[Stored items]
········
text \<open>A weak form of the Montgomery--Vaughan mean value theorem: the off-diagonal terms are
  controlled by the spacing |log m - log n| \<ge> |m - n| / 4X.\<close>
lemma integral_cmod_sum_cis_squared_le:
  fixes S :: "nat set" and b :: "nat \<Rightarrow> real" and X A B :: real
  assumes "finite S" "X \<ge> 1" "A \<le> B"
    and S: "\<And>n. n \<in> S \<Longrightarrow> X \<le> n \<and> n \<le> 4*X \<and> (b n)^2 \<le> 1/X"
  shows "integral {A..B} (\<lambda>t. (cmod (\<Sum>n\<in>S. of_real (b n) * cis (- (t * ln n))))^2)
    \<le> card S * ((B - A) / X + 16 * (1 + ln (4*X)))"
proof -
  define K where "K = nat \<lfloor>4*X\<rfloor>"
  define I where "I m n = b m * b n *
      (cos_primitive (ln m - ln n) B - cos_primitive (ln m - ln n) A)" for m n :: nat
  have "((\<lambda>t. (cmod (\<Sum>n\<in>S. of_real (b n) * cis (- (t * ln n))))^2)
      has_integral (\<Sum>m\<in>S. \<Sum>n\<in>S. I m n)) {A..B}"
    unfolding cmod_sum_cis_squared I_def
    by (intro has_integral_sum assms(1) ballI has_integral_cos_mult assms(3))
  then have integral_eq: "integral {A..B} (\<lambda>t. (cmod (\<Sum>n\<in>S. of_real (b n) * cis (- (t * ln n))))^2)
      = (\<Sum>m\<in>S. \<Sum>n\<in>S. I m n)"
    by (rule integral_unique)
  have "1 \<le> K" "real K \<le> 4*X"
    unfolding K_def using assms(2) by linarith+
  then have "ln K \<le> ln (4*X)"
    by simp
  then have "harm K \<le> 1 + ln (4*X)"
    using harm_le_1_plus_ln[OF \<open>1 \<le> K\<close>] by linarith
  moreover have "S \<subseteq> {..K}"
    using S unfolding K_def by (auto simp: le_nat_floor)
  ultimately have distances: "(\<Sum>n\<in>S - {m}. 1 / \<bar>real m - real n\<bar>) \<le> 2 * (1 + ln (4*X))"
    if "m \<in> S" for m
    using sum_inverse_distance_le[OF assms(1) _ that] by (meson mult_left_mono order.trans zero_le_numeral)
  have "(\<Sum>n\<in>S. I m n) \<le> (B - A) / X + 16 * (1 + ln (4*X))" if m: "m \<in> S" for m
  proof -
    have "I m m = (b m)^2 * (B - A)"
      unfolding I_def by (simp add: cos_primitive_def power2_eq_square)
    also have "\<dots> \<le> (B - A) / X"
      using S[OF m] assms(3) mult_right_mono[of "(b m)^2" "1/X" "B - A"] by simp
    finally have diagonal: "I m m \<le> (B - A) / X" .
    have "I m n \<le> 8 / \<bar>real m - real n\<bar>" if n: "n \<in> S - {m}" for n
    proof -
      have "\<bar>b m * b n\<bar> \<le> ((b m)^2 + (b n)^2) / 2"
        using sum_squares_bound[of "\<bar>b m\<bar>" "\<bar>b n\<bar>"] by (simp add: abs_mult)
      then show ?thesis
        unfolding I_def using S[OF m] S[of n] n assms(2) by (intro off_diagonal_term_le) auto
    qed
    then have "(\<Sum>n\<in>S - {m}. I m n) \<le> (\<Sum>n\<in>S - {m}. 8 / \<bar>real m - real n\<bar>)"
      by (rule sum_mono)
    also have "\<dots> = 8 * (\<Sum>n\<in>S - {m}. 1 / \<bar>real m - real n\<bar>)"
      by (simp add: sum_distrib_left)
    also have "\<dots> \<le> 16 * (1 + ln (4*X))"
      using distances[OF m] by simp
    finally show ?thesis
      using diagonal sum.remove[OF assms(1) m, of "I m"] by simp
  qed
  then show ?thesis
    unfolding integral_eq by (rule sum_bounded_above)
qed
········
EXERCISE DETAILS: Extract the full set of entries word for word.

OUTPUT OF THE EXERCISE:
text \<open>A weak form of the Montgomery--Vaughan mean value theorem: the off-diagonal terms are
  controlled by the spacing |log m - log n| \<ge> |m - n| / 4X.\<close>
lemma integral_cmod_sum_cis_squared_le:
  fixes S :: "nat set" and b :: "nat \<Rightarrow> real" and X A B :: real
  assumes "finite S" "X \<ge> 1" "A \<le> B"
    and S: "\<And>n. n \<in> S \<Longrightarrow> X \<le> n \<and> n \<le> 4*X \<and> (b n)^2 \<le> 1/X"
  shows "integral {A..B} (\<lambda>t. (cmod (\<Sum>n\<in>S. of_real (b n) * cis (- (t * ln n))))^2)
    \<le> card S * ((B - A) / X + 16 * (1 + ln (4*X)))"
proof -
  define K where "K = nat \<lfloor>4*X\<rfloor>"
  define I where "I m n = b m * b n *
      (cos_primitive (ln m - ln n) B - cos_primitive (ln m - ln n) A)" for m n :: nat
  have "((\<lambda>t. (cmod (\<Sum>n\<in>S. of_real (b n) * cis (- (t * ln n))))^2)
      has_integral (\<Sum>m\<in>S. \<Sum>n\<in>S. I m n)) {A..B}"
    unfolding cmod_sum_cis_squared I_def
    by (intro has_integral_sum assms(1) ballI has_integral_cos_mult assms(3))
  then have integral_eq: "integral {A..B} (\<lambda>t. (cmod (\<Sum>n\<in>S. of_real (b n) * cis (- (t * ln n))))^2)
      = (\<Sum>m\<in>S. \<Sum>n\<in>S. I m n)"
    by (rule integral_unique)
  have "1 \<le> K" "real K \<le> 4*X"
    unfolding K_def using assms(2) by linarith+
  then have "ln K \<le> ln (4*X)"
    by simp
  then have "harm K \<le> 1 + ln (4*X)"
    using harm_le_1_plus_ln[OF \<open>1 \<le> K\<close>] by linarith
  moreover have "S \<subseteq> {..K}"
    using S unfolding K_def by (auto simp: le_nat_floor)
  ultimately have distances: "(\<Sum>n\<in>S - {m}. 1 / \<bar>real m - real n\<bar>) \<le> 2 * (1 + ln (4*X))"
    if "m \<in> S" for m
    using sum_inverse_distance_le[OF assms(1) _ that] by (meson mult_left_mono order.trans zero_le_numeral)
  have "(\<Sum>n\<in>S. I m n) \<le> (B - A) / X + 16 * (1 + ln (4*X))" if m: "m \<in> S" for m
  proof -
    have "I m m = (b m)^2 * (B - A)"
      unfolding I_def by (simp add: cos_primitive_def power2_eq_square)
    also have "\<dots> \<le> (B - A) / X"
      using S[OF m] assms(3) mult_right_mono[of "(b m)^2" "1/X" "B - A"] by simp
    finally have diagonal: "I m m \<le> (B - A) / X" .
    have "I m n \<le> 8 / \<bar>real m - real n\<bar>" if n: "n \<in> S - {m}" for n
    proof -
      have "\<bar>b m * b n\<bar> \<le> ((b m)^2 + (b n)^2) / 2"
        using sum_squares_bound[of "\<bar>b m\<bar>" "\<bar>b n\<bar>"] by (simp add: abs_mult)
      then show ?thesis
        unfolding I_def using S[OF m] S[of n] n assms(2) by (intro off_diagonal_term_le) auto
    qed
    then have "(\<Sum>n\<in>S - {m}. I m n) \<le> (\<Sum>n\<in>S - {m}. 8 / \<bar>real m - real n\<bar>)"
      by (rule sum_mono)
    also have "\<dots> = 8 * (\<Sum>n\<in>S - {m}. 1 / \<bar>real m - real n\<bar>)"
      by (simp add: sum_distrib_left)
    also have "\<dots> \<le> 16 * (1 + ln (4*X))"
      using distances[OF m] by simp
    finally show ?thesis
      using diagonal sum.remove[OF assms(1) m, of "I m"] by simp
  qed
  then show ?thesis
    unfolding integral_eq by (rule sum_bounded_above)
qed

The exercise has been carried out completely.